• Work to complete
Repeat, exactly and alone, every line from the line that contains "exI[of _ 0])" to the end of the entries.

[Items listed in a dataset]
● ● ● ● ●
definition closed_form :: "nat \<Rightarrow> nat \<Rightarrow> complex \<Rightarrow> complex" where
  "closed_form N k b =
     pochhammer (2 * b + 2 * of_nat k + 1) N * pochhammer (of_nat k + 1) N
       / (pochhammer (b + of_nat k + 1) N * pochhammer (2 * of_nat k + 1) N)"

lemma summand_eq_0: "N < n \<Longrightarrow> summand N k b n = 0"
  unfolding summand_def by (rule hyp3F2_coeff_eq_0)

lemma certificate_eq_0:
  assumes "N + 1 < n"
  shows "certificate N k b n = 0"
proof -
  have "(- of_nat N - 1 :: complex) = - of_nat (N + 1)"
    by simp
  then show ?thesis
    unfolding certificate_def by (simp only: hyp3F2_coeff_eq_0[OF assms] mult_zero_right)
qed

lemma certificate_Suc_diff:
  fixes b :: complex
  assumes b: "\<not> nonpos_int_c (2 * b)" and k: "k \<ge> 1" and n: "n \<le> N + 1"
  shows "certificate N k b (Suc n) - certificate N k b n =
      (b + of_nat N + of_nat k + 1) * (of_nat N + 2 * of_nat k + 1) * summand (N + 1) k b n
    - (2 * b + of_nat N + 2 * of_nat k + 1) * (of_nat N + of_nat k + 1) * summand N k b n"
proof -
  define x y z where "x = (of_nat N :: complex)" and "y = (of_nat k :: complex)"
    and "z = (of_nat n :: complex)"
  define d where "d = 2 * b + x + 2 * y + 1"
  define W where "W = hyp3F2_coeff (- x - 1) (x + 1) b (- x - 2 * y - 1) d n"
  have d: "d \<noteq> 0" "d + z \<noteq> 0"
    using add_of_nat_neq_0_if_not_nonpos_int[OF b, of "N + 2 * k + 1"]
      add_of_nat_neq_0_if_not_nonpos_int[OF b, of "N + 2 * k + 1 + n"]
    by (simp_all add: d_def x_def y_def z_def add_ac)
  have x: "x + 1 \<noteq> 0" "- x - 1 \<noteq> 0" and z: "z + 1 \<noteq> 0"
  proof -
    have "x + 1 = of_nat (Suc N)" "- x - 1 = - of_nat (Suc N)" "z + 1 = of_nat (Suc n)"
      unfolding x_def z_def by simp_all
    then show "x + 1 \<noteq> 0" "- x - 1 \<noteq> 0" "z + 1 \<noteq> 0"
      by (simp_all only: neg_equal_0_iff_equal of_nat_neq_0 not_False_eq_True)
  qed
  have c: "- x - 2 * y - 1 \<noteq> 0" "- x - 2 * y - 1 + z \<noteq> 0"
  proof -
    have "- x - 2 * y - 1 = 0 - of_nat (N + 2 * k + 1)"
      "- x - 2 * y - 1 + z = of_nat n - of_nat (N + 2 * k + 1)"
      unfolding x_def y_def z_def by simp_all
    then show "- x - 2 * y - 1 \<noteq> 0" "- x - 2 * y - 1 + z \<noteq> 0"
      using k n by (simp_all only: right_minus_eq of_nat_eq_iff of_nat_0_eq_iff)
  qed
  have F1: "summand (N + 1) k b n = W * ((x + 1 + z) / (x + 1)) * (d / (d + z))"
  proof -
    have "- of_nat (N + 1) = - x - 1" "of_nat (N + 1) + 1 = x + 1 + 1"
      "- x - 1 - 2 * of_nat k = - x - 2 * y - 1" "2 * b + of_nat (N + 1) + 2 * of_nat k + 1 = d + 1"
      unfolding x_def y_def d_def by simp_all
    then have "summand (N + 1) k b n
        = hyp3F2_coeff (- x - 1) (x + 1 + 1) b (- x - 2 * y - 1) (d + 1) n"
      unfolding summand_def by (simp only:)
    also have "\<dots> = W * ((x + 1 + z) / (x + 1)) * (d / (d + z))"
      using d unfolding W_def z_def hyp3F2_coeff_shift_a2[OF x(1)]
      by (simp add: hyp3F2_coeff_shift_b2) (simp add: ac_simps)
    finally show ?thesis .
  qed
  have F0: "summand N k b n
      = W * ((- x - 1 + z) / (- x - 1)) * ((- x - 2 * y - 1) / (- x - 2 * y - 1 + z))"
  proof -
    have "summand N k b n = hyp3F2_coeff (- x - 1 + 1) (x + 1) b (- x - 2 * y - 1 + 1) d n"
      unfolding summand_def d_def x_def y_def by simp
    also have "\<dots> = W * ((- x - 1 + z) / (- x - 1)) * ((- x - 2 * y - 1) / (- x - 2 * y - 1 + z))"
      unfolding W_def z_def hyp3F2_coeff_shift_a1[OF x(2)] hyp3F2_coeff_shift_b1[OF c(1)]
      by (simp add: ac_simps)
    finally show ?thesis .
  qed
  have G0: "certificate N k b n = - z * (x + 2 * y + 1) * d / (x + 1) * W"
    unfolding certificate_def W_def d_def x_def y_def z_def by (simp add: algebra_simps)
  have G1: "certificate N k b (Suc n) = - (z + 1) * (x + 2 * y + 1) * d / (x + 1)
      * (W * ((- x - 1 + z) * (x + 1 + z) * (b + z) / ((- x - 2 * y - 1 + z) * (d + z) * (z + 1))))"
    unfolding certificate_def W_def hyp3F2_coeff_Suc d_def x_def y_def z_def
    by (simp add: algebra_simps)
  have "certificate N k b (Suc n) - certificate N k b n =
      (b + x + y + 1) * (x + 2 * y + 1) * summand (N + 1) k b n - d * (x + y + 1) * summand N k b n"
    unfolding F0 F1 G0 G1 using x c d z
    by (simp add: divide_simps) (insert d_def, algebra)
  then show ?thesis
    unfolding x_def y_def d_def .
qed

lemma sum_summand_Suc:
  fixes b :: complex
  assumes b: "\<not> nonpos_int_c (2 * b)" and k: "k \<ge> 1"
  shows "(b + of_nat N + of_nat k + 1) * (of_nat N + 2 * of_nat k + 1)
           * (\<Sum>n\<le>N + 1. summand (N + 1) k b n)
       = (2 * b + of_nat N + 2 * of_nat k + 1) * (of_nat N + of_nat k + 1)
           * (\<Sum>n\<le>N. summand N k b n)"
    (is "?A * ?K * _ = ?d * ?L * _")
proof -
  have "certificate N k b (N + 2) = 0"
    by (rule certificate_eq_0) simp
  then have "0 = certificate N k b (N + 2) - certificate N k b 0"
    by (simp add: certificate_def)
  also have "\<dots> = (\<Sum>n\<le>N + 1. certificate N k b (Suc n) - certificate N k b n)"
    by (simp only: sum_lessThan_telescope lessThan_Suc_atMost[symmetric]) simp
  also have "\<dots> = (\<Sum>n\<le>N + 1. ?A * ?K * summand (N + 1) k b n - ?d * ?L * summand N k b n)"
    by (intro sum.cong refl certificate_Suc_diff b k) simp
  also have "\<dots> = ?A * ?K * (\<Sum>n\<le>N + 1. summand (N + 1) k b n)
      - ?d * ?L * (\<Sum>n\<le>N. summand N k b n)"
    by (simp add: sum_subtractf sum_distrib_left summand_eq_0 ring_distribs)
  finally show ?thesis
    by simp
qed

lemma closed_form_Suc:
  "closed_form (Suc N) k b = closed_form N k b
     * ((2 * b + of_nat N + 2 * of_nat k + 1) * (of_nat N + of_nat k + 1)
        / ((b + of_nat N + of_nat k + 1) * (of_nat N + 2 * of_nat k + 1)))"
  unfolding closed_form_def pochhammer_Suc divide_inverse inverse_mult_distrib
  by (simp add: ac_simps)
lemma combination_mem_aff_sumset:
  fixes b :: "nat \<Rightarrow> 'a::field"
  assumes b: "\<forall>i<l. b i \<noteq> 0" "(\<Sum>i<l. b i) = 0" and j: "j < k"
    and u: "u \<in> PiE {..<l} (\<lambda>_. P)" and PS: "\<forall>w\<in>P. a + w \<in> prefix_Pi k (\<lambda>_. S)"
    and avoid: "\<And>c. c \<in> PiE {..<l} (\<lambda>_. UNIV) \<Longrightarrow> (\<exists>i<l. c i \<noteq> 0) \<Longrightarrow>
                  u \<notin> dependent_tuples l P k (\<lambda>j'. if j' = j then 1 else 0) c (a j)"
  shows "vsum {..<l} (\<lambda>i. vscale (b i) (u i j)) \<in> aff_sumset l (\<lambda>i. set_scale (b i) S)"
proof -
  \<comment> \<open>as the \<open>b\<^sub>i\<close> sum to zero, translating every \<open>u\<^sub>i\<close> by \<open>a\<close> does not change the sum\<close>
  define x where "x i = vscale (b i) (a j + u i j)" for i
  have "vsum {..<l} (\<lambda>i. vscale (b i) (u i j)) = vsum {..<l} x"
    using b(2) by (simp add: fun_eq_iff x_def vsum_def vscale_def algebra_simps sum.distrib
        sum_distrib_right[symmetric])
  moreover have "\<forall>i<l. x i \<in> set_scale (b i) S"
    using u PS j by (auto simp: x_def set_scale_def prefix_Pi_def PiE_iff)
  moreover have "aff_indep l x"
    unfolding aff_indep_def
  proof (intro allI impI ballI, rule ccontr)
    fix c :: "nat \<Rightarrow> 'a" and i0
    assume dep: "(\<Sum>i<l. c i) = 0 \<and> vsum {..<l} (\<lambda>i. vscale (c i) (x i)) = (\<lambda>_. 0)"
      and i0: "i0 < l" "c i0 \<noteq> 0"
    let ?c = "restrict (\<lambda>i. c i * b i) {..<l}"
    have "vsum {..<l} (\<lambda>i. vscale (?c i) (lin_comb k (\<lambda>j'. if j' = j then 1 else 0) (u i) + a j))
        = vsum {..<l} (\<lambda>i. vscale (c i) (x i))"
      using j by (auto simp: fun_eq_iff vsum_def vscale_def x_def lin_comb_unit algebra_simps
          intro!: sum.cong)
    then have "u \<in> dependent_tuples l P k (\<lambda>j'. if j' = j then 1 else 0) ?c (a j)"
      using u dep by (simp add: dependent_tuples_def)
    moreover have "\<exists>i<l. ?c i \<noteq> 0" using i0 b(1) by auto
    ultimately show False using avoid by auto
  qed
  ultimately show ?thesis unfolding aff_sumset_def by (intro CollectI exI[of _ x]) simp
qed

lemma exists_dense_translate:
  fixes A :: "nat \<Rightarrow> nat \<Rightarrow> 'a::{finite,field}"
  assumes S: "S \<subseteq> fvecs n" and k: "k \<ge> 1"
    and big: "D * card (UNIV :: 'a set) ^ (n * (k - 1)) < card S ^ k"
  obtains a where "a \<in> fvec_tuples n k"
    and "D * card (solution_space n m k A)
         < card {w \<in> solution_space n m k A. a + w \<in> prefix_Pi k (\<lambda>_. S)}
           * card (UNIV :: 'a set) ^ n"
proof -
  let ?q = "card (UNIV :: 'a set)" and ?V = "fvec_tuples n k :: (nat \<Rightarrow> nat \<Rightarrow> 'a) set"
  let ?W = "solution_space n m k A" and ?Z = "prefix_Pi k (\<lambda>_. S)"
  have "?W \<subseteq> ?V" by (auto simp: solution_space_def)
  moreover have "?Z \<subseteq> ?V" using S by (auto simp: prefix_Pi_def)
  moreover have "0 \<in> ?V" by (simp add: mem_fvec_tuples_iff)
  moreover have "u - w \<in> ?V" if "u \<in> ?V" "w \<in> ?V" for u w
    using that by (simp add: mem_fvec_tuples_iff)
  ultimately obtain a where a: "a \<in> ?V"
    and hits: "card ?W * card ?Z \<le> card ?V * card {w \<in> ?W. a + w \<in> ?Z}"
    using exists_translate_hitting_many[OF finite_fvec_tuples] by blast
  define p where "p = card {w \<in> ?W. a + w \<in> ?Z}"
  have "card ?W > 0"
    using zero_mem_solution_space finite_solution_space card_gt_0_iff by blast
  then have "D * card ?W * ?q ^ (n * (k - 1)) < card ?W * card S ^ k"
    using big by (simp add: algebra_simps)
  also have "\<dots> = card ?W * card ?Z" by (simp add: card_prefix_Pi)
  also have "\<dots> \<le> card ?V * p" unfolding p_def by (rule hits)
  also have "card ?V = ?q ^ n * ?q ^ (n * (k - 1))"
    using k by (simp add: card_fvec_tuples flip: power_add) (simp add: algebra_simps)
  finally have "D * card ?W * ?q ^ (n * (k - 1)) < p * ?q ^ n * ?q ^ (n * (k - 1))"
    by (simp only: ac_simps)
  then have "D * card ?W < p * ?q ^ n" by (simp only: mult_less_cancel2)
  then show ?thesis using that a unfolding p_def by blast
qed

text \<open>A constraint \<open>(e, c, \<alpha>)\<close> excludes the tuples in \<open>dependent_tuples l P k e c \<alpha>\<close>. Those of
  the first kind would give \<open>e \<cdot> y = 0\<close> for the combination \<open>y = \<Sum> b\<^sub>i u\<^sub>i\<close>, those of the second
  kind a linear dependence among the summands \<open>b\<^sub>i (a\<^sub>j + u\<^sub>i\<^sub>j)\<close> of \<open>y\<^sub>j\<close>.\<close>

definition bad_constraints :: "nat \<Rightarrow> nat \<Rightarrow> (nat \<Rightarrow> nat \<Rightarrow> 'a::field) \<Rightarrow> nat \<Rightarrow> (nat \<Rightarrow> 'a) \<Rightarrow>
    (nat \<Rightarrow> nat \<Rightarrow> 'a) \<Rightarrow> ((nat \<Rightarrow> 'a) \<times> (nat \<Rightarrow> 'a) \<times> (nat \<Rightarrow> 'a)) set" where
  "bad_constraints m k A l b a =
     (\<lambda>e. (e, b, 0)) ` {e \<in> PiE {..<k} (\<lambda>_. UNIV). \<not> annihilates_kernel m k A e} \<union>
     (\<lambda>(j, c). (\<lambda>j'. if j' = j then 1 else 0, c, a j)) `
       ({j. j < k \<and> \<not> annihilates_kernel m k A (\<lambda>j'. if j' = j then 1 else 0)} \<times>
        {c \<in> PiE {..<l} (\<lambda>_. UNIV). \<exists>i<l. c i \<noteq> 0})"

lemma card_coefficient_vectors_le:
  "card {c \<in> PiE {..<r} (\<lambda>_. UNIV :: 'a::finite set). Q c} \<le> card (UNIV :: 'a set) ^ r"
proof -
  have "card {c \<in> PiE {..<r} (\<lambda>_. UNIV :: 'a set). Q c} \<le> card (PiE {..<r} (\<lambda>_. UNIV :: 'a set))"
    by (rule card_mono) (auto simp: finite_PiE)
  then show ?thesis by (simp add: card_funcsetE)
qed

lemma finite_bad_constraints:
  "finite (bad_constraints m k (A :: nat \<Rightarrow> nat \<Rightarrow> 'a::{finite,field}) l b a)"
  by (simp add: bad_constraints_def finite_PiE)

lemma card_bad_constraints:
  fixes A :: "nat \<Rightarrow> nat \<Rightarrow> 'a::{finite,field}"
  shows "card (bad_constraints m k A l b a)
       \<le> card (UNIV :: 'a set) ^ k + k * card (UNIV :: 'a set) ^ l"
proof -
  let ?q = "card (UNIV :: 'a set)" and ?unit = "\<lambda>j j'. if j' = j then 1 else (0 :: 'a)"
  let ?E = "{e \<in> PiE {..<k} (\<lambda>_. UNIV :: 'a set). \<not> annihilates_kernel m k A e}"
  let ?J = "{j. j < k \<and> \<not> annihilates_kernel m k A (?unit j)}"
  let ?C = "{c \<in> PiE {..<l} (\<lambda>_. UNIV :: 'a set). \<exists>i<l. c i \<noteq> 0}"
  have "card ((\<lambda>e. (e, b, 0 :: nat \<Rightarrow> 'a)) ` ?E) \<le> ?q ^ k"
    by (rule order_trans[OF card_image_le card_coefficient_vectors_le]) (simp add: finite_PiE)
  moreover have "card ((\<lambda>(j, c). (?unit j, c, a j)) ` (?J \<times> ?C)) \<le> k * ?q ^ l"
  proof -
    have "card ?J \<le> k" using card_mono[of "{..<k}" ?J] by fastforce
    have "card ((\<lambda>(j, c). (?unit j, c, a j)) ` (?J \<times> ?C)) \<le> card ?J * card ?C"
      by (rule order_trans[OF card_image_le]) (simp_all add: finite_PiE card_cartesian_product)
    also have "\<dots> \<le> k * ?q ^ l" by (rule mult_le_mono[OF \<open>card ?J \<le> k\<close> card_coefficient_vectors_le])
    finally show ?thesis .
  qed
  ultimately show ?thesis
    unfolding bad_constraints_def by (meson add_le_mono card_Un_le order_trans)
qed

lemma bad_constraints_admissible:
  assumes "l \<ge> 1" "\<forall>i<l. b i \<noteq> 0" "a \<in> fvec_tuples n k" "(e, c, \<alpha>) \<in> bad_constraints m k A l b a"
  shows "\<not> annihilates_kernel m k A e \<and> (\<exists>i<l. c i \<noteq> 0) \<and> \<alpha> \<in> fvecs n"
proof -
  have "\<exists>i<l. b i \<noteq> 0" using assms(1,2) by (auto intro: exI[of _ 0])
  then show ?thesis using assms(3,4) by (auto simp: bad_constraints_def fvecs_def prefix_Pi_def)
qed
● ● ● ● ●
• Output
  have "\<exists>i<l. b i \<noteq> 0" using assms(1,2) by (auto intro: exI[of _ 0])
  then show ?thesis using assms(3,4) by (auto simp: bad_constraints_def fvecs_def prefix_Pi_def)
qed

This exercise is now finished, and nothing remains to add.